Segment Start: SUPPLIED DATA
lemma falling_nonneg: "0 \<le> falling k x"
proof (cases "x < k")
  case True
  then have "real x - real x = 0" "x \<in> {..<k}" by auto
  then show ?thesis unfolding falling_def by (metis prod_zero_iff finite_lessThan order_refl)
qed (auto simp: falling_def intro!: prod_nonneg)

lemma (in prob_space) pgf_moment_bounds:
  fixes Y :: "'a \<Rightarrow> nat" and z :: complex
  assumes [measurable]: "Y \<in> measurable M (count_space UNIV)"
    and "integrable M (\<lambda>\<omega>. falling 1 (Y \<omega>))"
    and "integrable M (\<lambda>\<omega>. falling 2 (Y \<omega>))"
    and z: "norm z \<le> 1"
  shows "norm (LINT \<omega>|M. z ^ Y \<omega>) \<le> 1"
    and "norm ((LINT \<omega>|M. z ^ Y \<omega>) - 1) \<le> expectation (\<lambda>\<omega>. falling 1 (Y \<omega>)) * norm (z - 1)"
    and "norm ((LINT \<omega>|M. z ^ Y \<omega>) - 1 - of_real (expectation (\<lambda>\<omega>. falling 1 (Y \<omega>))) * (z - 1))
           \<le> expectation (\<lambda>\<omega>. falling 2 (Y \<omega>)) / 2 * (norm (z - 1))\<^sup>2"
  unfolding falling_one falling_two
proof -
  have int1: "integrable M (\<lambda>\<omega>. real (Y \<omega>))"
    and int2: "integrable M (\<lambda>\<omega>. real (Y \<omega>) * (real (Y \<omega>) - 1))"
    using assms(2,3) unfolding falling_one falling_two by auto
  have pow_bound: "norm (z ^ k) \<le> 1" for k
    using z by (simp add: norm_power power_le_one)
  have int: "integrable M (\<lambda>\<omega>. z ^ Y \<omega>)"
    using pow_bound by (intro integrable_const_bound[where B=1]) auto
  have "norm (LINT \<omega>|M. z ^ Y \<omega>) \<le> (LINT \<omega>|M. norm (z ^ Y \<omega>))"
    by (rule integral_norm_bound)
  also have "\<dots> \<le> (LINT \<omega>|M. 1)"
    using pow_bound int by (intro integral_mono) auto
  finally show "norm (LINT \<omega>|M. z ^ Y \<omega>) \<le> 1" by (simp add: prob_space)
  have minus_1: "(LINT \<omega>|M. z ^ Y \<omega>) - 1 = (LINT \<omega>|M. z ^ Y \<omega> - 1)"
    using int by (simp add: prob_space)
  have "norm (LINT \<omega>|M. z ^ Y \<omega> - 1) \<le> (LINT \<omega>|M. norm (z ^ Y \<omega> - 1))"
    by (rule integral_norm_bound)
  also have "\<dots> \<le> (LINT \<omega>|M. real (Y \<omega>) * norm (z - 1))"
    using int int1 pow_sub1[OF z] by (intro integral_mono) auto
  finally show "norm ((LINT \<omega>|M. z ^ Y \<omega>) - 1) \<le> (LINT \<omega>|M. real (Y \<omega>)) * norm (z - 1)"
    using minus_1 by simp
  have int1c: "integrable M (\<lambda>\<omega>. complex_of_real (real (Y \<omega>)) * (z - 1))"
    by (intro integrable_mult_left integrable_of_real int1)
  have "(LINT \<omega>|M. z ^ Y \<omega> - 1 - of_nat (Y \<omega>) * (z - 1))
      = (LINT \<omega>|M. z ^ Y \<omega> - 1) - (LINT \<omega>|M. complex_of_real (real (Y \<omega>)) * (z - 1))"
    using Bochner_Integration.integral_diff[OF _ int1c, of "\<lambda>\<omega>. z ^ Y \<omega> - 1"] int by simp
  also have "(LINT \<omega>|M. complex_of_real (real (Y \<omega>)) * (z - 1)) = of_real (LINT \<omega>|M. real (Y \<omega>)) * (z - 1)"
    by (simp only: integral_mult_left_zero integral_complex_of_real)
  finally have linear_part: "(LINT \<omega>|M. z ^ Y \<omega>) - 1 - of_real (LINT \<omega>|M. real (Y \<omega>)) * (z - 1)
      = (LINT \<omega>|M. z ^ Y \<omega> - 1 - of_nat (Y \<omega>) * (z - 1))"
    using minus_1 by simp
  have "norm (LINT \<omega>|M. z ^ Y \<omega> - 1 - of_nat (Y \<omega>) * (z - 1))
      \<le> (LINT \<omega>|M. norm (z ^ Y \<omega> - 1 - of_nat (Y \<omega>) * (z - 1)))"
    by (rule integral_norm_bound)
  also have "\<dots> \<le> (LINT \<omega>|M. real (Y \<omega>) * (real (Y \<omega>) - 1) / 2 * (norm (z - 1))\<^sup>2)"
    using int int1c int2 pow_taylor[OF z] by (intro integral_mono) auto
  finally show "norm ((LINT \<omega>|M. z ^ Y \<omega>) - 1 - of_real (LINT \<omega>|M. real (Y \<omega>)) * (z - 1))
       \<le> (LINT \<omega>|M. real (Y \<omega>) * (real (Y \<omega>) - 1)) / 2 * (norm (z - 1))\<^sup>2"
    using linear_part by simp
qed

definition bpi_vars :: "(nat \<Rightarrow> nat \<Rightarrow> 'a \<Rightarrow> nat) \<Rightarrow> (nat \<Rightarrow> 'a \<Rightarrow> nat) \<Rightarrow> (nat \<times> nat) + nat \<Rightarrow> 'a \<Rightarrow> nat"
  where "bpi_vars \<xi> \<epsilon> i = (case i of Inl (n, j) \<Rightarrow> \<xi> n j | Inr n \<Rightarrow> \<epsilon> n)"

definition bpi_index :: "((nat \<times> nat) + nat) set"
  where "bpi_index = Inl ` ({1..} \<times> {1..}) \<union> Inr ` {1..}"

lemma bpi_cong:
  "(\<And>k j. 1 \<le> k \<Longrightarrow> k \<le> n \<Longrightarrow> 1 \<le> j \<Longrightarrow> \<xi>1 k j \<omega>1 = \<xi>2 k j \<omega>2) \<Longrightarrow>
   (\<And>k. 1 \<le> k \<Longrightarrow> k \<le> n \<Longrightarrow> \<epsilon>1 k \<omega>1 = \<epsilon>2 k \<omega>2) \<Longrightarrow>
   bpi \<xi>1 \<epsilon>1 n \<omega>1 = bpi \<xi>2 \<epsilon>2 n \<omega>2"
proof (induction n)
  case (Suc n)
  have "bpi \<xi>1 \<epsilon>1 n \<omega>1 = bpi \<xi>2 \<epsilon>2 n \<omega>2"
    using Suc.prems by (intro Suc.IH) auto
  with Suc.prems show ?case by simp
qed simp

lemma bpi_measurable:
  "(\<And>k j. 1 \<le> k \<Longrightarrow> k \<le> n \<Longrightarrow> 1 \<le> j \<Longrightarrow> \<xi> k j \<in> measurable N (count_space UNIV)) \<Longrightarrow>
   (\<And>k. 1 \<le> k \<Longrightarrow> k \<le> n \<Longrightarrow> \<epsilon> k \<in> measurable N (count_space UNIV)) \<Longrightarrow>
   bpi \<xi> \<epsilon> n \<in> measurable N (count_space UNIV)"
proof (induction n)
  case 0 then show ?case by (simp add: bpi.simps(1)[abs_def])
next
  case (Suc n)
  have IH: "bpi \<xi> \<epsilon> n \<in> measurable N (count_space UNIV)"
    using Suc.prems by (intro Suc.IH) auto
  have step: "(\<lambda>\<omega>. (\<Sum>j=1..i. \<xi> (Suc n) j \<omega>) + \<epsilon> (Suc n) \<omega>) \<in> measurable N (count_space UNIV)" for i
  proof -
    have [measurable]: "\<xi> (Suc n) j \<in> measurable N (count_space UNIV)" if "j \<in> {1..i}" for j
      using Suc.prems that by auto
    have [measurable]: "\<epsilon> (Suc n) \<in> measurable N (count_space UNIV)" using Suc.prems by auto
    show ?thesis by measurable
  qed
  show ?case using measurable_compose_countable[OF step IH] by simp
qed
Segment End: SUPPLIED DATA
Segment Start: SUPPLIED DATA
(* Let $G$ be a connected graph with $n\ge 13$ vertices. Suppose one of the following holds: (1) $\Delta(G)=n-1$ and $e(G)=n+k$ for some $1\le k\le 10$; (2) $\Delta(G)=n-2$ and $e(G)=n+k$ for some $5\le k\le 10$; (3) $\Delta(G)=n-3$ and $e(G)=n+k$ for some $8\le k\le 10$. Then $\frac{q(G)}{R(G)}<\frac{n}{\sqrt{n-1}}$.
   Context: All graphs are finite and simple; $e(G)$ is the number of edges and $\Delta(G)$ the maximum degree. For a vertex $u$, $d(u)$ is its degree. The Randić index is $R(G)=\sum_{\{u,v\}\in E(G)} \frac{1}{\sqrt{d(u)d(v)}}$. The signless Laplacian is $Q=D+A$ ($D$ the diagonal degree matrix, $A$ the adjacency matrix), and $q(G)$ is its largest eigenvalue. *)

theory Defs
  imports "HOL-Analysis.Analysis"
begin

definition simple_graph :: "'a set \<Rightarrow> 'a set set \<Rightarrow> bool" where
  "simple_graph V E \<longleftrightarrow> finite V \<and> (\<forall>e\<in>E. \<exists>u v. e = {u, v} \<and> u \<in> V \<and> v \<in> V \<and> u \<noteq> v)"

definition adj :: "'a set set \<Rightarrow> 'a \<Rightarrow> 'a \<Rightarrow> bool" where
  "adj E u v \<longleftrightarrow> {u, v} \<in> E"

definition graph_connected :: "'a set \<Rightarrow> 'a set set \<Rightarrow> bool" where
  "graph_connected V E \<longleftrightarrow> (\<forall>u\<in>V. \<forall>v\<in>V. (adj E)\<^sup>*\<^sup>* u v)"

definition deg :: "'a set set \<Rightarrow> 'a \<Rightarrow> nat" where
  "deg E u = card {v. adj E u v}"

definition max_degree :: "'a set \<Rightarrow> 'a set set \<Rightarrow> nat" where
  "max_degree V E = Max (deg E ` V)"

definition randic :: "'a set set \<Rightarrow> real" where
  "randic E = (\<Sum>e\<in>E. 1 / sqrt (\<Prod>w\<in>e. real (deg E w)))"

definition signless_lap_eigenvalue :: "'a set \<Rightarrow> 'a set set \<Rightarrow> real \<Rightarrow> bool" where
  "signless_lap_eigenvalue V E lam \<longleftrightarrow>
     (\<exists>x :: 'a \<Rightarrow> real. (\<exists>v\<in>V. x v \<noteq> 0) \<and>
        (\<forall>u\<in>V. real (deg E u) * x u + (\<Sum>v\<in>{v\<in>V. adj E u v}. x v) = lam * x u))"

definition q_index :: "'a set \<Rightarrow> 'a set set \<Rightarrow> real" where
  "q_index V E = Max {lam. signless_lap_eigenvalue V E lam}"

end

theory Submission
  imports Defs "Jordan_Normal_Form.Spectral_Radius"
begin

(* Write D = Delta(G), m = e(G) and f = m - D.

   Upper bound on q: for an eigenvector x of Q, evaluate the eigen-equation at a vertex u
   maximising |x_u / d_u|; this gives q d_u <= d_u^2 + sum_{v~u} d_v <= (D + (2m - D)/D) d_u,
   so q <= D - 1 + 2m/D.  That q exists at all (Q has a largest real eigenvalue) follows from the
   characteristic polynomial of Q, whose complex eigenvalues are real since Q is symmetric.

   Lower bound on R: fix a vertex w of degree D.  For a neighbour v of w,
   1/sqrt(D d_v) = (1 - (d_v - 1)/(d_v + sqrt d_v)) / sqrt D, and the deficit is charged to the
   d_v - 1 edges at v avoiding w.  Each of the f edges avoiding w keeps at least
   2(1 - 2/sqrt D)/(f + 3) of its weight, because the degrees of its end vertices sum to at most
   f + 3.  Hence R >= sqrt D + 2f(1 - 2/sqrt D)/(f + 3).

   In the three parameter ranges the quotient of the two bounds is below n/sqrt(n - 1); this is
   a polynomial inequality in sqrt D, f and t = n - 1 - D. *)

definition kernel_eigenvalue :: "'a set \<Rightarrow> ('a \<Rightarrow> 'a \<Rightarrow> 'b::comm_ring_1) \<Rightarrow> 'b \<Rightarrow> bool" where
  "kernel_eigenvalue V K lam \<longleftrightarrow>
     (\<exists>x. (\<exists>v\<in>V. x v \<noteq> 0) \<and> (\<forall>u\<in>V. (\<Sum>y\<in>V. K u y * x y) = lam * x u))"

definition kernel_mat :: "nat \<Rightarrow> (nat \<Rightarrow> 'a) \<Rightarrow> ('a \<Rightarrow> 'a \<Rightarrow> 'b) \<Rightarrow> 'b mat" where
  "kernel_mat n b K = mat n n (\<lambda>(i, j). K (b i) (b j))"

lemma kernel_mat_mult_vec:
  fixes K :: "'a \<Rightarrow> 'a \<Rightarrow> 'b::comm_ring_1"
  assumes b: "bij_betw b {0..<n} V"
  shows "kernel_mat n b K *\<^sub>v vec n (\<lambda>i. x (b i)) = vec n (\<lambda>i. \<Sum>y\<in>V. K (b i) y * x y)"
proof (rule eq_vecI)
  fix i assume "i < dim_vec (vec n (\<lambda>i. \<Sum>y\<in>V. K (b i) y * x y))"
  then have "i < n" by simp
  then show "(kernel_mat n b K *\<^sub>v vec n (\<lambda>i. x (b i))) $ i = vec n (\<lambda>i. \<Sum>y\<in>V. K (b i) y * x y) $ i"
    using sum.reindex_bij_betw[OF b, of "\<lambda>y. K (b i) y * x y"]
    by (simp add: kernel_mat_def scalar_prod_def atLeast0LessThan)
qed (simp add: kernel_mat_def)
Segment End: SUPPLIED DATA
Segment Start: SUPPLIED DATA
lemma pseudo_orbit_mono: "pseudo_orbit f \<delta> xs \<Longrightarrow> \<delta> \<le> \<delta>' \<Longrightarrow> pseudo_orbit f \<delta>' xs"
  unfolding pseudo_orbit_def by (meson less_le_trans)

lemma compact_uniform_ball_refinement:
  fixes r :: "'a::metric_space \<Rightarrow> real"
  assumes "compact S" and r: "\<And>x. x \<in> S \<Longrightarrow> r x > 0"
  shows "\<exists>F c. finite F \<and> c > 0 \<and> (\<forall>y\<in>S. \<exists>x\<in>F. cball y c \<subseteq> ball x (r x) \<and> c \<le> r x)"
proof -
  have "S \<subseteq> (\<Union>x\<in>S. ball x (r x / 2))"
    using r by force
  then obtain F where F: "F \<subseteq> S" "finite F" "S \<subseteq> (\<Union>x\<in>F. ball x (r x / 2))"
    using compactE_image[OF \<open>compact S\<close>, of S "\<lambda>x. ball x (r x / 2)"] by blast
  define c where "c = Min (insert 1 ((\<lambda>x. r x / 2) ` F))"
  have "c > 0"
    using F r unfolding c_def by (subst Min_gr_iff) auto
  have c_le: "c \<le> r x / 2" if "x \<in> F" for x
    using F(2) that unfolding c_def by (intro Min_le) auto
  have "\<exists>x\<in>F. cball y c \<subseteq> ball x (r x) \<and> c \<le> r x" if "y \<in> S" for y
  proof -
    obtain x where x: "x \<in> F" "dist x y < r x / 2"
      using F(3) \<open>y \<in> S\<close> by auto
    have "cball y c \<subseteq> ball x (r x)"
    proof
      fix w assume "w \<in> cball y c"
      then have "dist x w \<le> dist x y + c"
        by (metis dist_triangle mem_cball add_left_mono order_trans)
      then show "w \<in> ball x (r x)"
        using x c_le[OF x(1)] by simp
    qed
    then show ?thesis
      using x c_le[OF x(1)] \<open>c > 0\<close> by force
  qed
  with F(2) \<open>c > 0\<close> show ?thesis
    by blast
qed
Segment End: SUPPLIED DATA
** ASSIGNMENT **
Lines above with "vertices" in them are the ones to copy.

** WRITTEN RESPONSE **
(* Let $G$ be a connected graph with $n\ge 13$ vertices. Suppose one of the following holds: (1) $\Delta(G)=n-1$ and $e(G)=n+k$ for some $1\le k\le 10$; (2) $\Delta(G)=n-2$ and $e(G)=n+k$ for some $5\le k\le 10$; (3) $\Delta(G)=n-3$ and $e(G)=n+k$ for some $8\le k\le 10$. Then $\frac{q(G)}{R(G)}<\frac{n}{\sqrt{n-1}}$.
   2(1 - 2/sqrt D)/(f + 3) of its weight, because the degrees of its end vertices sum to at most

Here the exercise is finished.